Encyclopedia of Public Health: Bills of Mortality

In English parishes, beginning in 1538, every burial required completion of a document that was the precursor of the modern death certificate. This made the burial legal and allowed the deceased's estate to be legally disposed of. The number of deaths were compiled on a weekly and an annual basis. These compilations were known as bills of morality. In many parishes they were rough accounts of the causes of death, and over the years this information became more precise, though it was not necessarily consistent from one parish to another. The procedure was made more formal and systematic throughout England in 1603, and continued until it was superceded by the Births and Deaths Registration Act of 1836. From 1728 onward, the age of death was also recorded in the bills.

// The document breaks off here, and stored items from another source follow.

lemma monomial_mem_target_ideal:
  assumes "Poly_Mapping.keys m \<subseteq> {1..2*p}" "2 \<le> Poly_Mapping.lookup (param_mon p m) 0"
  shows "Poly_Mapping.single m 1 \<in> target_ideal p"
proof -
  obtain k w where k: "0 < k" "k < p" and m: "m = w + Poly_Mapping.single (p + k) 1"
    and w: "Poly_Mapping.keys w \<subseteq> {1..2*p}"
    and w_deg: "Poly_Mapping.lookup (param_mon p w) 0 + 1 = Poly_Mapping.lookup (param_mon p m) 0"
    by (rule monomial_split_y[OF assms(1)]) (use assms(2) in simp)
  obtain l v where l: "0 < l" "l < p" and w_split: "w = v + Poly_Mapping.single (p + l) 1"
    and v: "Poly_Mapping.keys v \<subseteq> {1..2*p}"
    by (rule monomial_split_y[OF w]) (use assms(2) w_deg in simp)
  have factor: "Poly_Mapping.single m 1 = Poly_Mapping.single v 1 * (Var (p + l) * Var (p + k))"
    by (simp add: m w_split Var_mult mult_single add.assoc)
  have "Var (p + l) * Var (p + k) \<in> target_ideal p"
    using k l by (intro y_mult_mem_target_ideal) auto
  then show ?thesis
    unfolding factor by (rule mult_mem_ideal[OF target_ideal_is_ideal polys_in_single[OF v]])
qed

lemma param_mon_inj_on_z_free:
  assumes "0 < p" "Poly_Mapping.keys w \<subseteq> {1..2*p}" "Poly_Mapping.keys w' \<subseteq> {1..2*p}"
    and z_free: "Poly_Mapping.lookup (param_mon p w) 0 = 0"
    and eq: "param_mon p w = param_mon p w'"
  shows "w = w'"
proof (rule poly_mapping_eqI)
  fix i
  have z_free': "Poly_Mapping.lookup (param_mon p w') 0 = 0"
    using z_free eq by simp
  have lookup_eq: "Poly_Mapping.lookup (param_mon p w) i = Poly_Mapping.lookup (param_mon p w') i"
    using eq by simp
  consider "0 < i \<and> i < p" | "i = p \<or> i = 2*p" | "i \<in> {p+1..2*p-1}" | "i \<notin> {1..2*p}"
    by fastforce
  then show "Poly_Mapping.lookup w i = Poly_Mapping.lookup w' i"
  proof cases
    case 1
    then have "p + i \<in> {p+1..2*p-1}"
      by auto
    then show ?thesis
      using 1 lookup_eq lookup_eq_0_if_z_free[OF z_free] lookup_eq_0_if_z_free[OF z_free']
      by (simp add: lookup_param_mon)
  next
    case 2
    then show ?thesis
      using lookup_eq \<open>0 < p\<close> by (auto simp: lookup_param_mon)
  next
    case 3
    then show ?thesis
      using lookup_eq_0_if_z_free[OF z_free] lookup_eq_0_if_z_free[OF z_free'] by simp
  next
    case 4
    then show ?thesis
      using assms(2,3) by (metis in_keys_iff subsetD)
  qed
qed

In the years following the foundation of the Royal Society in 1660, several scholars found these documents to be a fruitful source of information about the lives and deaths of the English people. The first of these was John Graunt, a London haberdasher and amateur scientist who was interested in the impact of epidemic outbreaks of plague, the impact of death and its cases on men and women, and the relative merits of living either in a city such as London or in the country. Graunt published his analyses in Natural and Political Observations … on the Bills of Mortality (1662), a work that became the founding classic of the modern sciences of vital statistics and epidemiology. Graunt's contemporary Sir William Petty adopted a similar approach in his analyses, published in Political Arithmetic (1682) and other works that made Petty a founding father of economics.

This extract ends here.